Michaël Foessel invité à Rennes 2 pour parler souffrance et reconnaissance

Michaël Foessel était vendredi 18 mars l’invité du séminaire « Quotidienneté, souffrance et politisation : de la vie ordinaire à la théorie sociale ». Depuis novembre 2015, le laboratoire PREFics propose « un regard pluriel sur la problématique de la souffrance sociale ». La qualité des interventions ne se dément pas : le meilleur reste encore à venir.

 

Michaël Foessel RennesCe séminaire, organisé à Rennes 2 par Romain Huet, Alexandre Rouxel et Olivier Sarrouy, compose avec « un matériau sociologique tout à fait inédit » : un corpus retraçant les échanges entre des bénévoles d’une association de prévention contre le suicide et des individus en situation de souffrance.

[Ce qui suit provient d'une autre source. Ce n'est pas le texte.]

lemma sum_zero_vectors_norm_level_homeomorphic_sphere:
  "top_of_set {z \<in> sum_zero_vectors (Suc m). (\<Sum>i<m. (z i)\<^sup>2) = 1} homeomorphic_space
   top_of_set (std_sphere (int m - 1))"
  unfolding std_sphere_eq
proof (rule homeomorphic_function_sets)
  let ?f = "\<lambda>(z :: nat \<Rightarrow> real) i. if i < m then z i else 0"
  let ?g = "\<lambda>(y :: nat \<Rightarrow> real) i. if i < m then y i else if i = m then - (\<Sum>j<m. y j) else 0"
  have last: "z m = - (\<Sum>j<m. z j)" if "z \<in> sum_zero_vectors (Suc m)" for z
    using that unfolding sum_zero_vectors_def by simp
  show "?f z \<in> {y. (\<forall>i\<ge>m. y i = 0) \<and> (\<Sum>i<m. (y i)\<^sup>2) = 1}"
    if "z \<in> {z \<in> sum_zero_vectors (Suc m). (\<Sum>i<m. (z i)\<^sup>2) = 1}" for z
    using that by simp
  show "?g y \<in> {z \<in> sum_zero_vectors (Suc m). (\<Sum>i<m. (z i)\<^sup>2) = 1}"
    if "y \<in> {y. (\<forall>i\<ge>m. y i = 0) \<and> (\<Sum>i<m. (y i)\<^sup>2) = 1}" for y
    using that unfolding sum_zero_vectors_def by simp
  show "?g (?f z) = z" if "z \<in> {z \<in> sum_zero_vectors (Suc m). (\<Sum>i<m. (z i)\<^sup>2) = 1}" for z
    using that last[of z] unfolding sum_zero_vectors_def by fastforce
  show "?f (?g y) = y" if "y \<in> {y. (\<forall>i\<ge>m. y i = 0) \<and> (\<Sum>i<m. (y i)\<^sup>2) = 1}" for y
    using that by fastforce
  show "continuous_on {z \<in> sum_zero_vectors (Suc m). (\<Sum>i<m. (z i)\<^sup>2) = 1} (\<lambda>z. ?f z i)" for i
    by (cases "i < m") (auto intro!: continuous_intros)
  show "continuous_on {y. (\<forall>i\<ge>m. y i = 0) \<and> (\<Sum>i<m. (y i)\<^sup>2) = 1} (\<lambda>y. ?g y i)" for i
  proof -
    have "continuous_on S (\<lambda>y. - (\<Sum>j<m. y j))" for S :: "(nat \<Rightarrow> real) set"
      by (intro continuous_on_minus continuous_on_sum continuous_on_coordinate)
    then show ?thesis
      by (cases "i < m"; cases "i = m") (simp_all add: continuous_on_coordinate)
  qed
qed

lemma simplex_boundary_homeomorphic_sphere:
  assumes "finite V" "V \<noteq> {}"
  shows "top_of_set (simplex_boundary V) homeomorphic_space top_of_set (std_sphere (int (card V) - 2))"
proof -
  obtain m where m: "card V = Suc m"
    using assms by (metis card_gt_0_iff gr0_implies_Suc)
  then obtain \<sigma> where \<sigma>: "bij_betw \<sigma> {..<Suc m} V"
    using ex_bij_betw_nat_finite[OF assms(1)] by (metis atLeast0LessThan)
  have "top_of_set (simplex_boundary V) homeomorphic_space top_of_set (simplex_boundary {..<Suc m})"
    using simplex_boundary_reindex_homeomorphic[OF \<sigma>] .
  also have "\<dots> homeomorphic_space
      top_of_set {z \<in> sum_zero_vectors (Suc m). Max ((\<lambda>i. - z i) ` {..<Suc m}) = 1}"
    by (rule simplex_boundary_homeomorphic_Max_level) simp
  also have "\<dots> homeomorphic_space top_of_set {z \<in> sum_zero_vectors (Suc m). sqrt (\<Sum>i<m. (z i)\<^sup>2) = 1}"
    by (rule sum_zero_vectors_Max_level_homeomorphic_norm_level)
  also have "\<dots> homeomorphic_space top_of_set (std_sphere (int m - 1))"
    using sum_zero_vectors_norm_level_homeomorphic_sphere[of m] by simp
  finally show ?thesis
    using m by (simp add: algebra_simps)
qed

section \<open>Paths and cycles in forests of rank two\<close>

definition is_graph_path :: "'a set set \<Rightarrow> 'a list \<Rightarrow> bool" where
  "is_graph_path E p \<longleftrightarrow> distinct p \<and> 2 \<le> length p \<and> (\<forall>i < length p - 1. {p ! i, p ! Suc i} \<in> E)"

lemma is_graph_path_Cons:
  assumes "is_graph_path E p" "{y, p ! 0} \<in> E" "y \<notin> set p"
  shows "is_graph_path E (y # p)"
  unfolding is_graph_path_def
proof (intro conjI allI impI)
  fix i assume "i < length (y # p) - 1"
  then show "{(y # p) ! i, (y # p) ! Suc i} \<in> E"
    using assms unfolding is_graph_path_def by (cases i) auto
qed (use assms in \<open>auto simp: is_graph_path_def\<close>)

lemma is_graph_path_length_le:
  assumes "is_graph_path E p" "set p \<subseteq> V" "finite V"
  shows "length p \<le> card V"
  using assms by (metis card_mono distinct_card is_graph_path_def)

lemma is_cycle_take_graph_path:
  assumes "is_graph_path E p" "2 \<le> j" "j < length p" "{p ! j, p ! 0} \<in> E"
  shows "is_cycle E (take (Suc j) p)"
proof -
  have "p \<noteq> []"
    using assms by auto
  then have "last (take (Suc j) p) = p ! j" "hd (take (Suc j) p) = p ! 0"
    using assms by (simp_all add: last_conv_nth hd_conv_nth)
  then show ?thesis
    using assms unfolding is_cycle_def is_graph_path_def by auto
qed

lemma longest_graph_path_first_edge:
  assumes path: "is_graph_path E p" "set p \<subseteq> V"
    and longest: "\<And>q. set q \<subseteq> V \<Longrightarrow> is_graph_path E q \<Longrightarrow> length q \<le> length p"
    and acyclic: "\<nexists>cs. is_cycle E cs" and "{p ! 0, y} \<in> E" "y \<in> V" "y \<noteq> p ! 0"
  shows "y = p ! 1"
proof (rule ccontr)
  assume "y \<noteq> p ! 1"
  show False
  proof (cases "y \<in> set p")
    case False
    then have "is_graph_path E (y # p)"
      using path \<open>{p ! 0, y} \<in> E\<close> by (intro is_graph_path_Cons) (auto simp: insert_commute)
    then show False
      using longest[of "y # p"] path \<open>y \<in> V\<close> by simp
  next
    case True
    then obtain j where "j < length p" "p ! j = y"
      by (meson in_set_conv_nth)
    moreover have "2 \<le> j"
    proof (rule ccontr)
      assume "\<not> 2 \<le> j"
      then have "j = 0 \<or> j = 1"
        by auto
      then show False
        using \<open>y \<noteq> p ! 0\<close> \<open>y \<noteq> p ! 1\<close> \<open>p ! j = y\<close> by auto
    qed
    ultimately have "is_cycle E (take (Suc j) p)"
      using path \<open>{p ! 0, y} \<in> E\<close> by (intro is_cycle_take_graph_path) (auto simp: insert_commute)
    then show False
      using acyclic by blast
  qed
qed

Ce méga-roman joycien de la souffrance représente plusieurs milliers de pages. Ces milliers de récits anonymes sont recueillis par des associations d’aide à distance utilisant la messagerie instantanée comme outil d’écoute. Le séminaire ne provient pas du département de psychologie de Rennes 2 mais bien des sciences de l’information et de la communication, dont les organisateurs font partie en tant que chercheurs. « Des analyses séminales de Durkheim sur le suicide jusqu’aux plus récentes réflexions d’Emmanuel Renault, de Guillaume Le Blanc, de Mickaël Foessel et de bien d’autres, la sociologie et la philosophie sociale n’ont eu de cesse de réaffirmer le caractère sociale de la souffrance – et de soustraire ainsi son savoir à l’autorité exclusive de la psychologie », nous dit la présentation. Ce projet interroge moins le contenu des messages que la relation entre l’écoutant et l’écouté, et finalement la signification et les modalités par lesquelles la souffrance se dit. Pour ce faire, les organisateurs ont invité philosophes et sociologues à s’emparer d’une partie de ce corpus et d’en parler et d’en débattre par rapport à leur propre champ de recherche.

Michaël Foessel Rennes

Vendredi, le philosophe Michaël Foessel s’est rendu à l’université Rennes 2 pour en parler. Ce spécialiste de Kant et de Paul Ricœur – qu’il citera d’ailleurs dans son intervention – a succédé à Alain Finkielkraut à la chaire de philosophie de Polytechnique. Sans être ultra-médiatique, Michaël Foessel est un philosophe que l’on peut entendre sur France Culture ou lire dans les pages de Libération. Il dirige notamment la collection « L’ordre philosophique » aux éditions du Seuil et participe à la revue Esprit. Il est l’auteur  entre autre d’Après la fin du monde : Critique de la raison apocalyptique et Le Temps de la consolation. Pour le séminaire, il a choisi de traiter une notion sur laquelle il travaille en ce moment : la reconnaissance. Pour lui, « l’énoncé de la souffrance » dénote « une exigence de reconnaissance ». C’est avec le « plaisir » du philosophe qu’il s’est emparé de ces « énoncés ». Il cite une phrase, prise au hasard : « Je suis une femme, donc frappée, mais ce n’est pas grave ». Les réponses des écoutants demeurent souvent normatives.

foesselMichaël Foessel propose de « remettre en cause cette consécution » (le « donc, frappée ») pour « inquiéter le sujet ». La relation des écoutés aux écoutants pose quelquefois problème : les derniers croient parfois, par exemple, que les seconds sont des robots. Intéresse aussi le philosophe la colère à l’œuvre parfois dans les énoncés, contre soi-même, le réel ou l’écoutant. En citant les « banques de colère » – une notion de Peter Sloterdijk pour désigner, par exemple, les églises ou les partis politiques révolutionnaires – il éclaire ce corpus. Selon lui, comme « le loup hurlant à la lune », comme le cri, les larmes ou le silence, ces énoncés de la souffrance sont une contestation de l’ordre établi et donc, feraient partie du champ politique.

Les questions, à la fin de l’intervention, suggèrent toute l’ampleur critique de l’objet porté par le corpus. Au centre s’agrègent les problématiques du psychologique, de la gouvernementalité, des dispositifs techniques. Au-delà, c’est aussi à une certaine vision des sciences de l’information et de la communication que ce séminaire appelle. Le 25 mars, Anselm Jappe viendra parler du corpus et de l’objet du séminaire : l’auteur de Crédit à mort, théoricien de la « nouvelle critique de la valeur », est aussi un spécialiste de Guy Debord. Suivront Erik Bordeleau, le 1 avril, Bernard Aspe le 29 avril et Guillaume Le Blanc le 13 mai. Avec des initiatives comme ce séminaire, Rennes porte véritablement son titre de ville universitaire.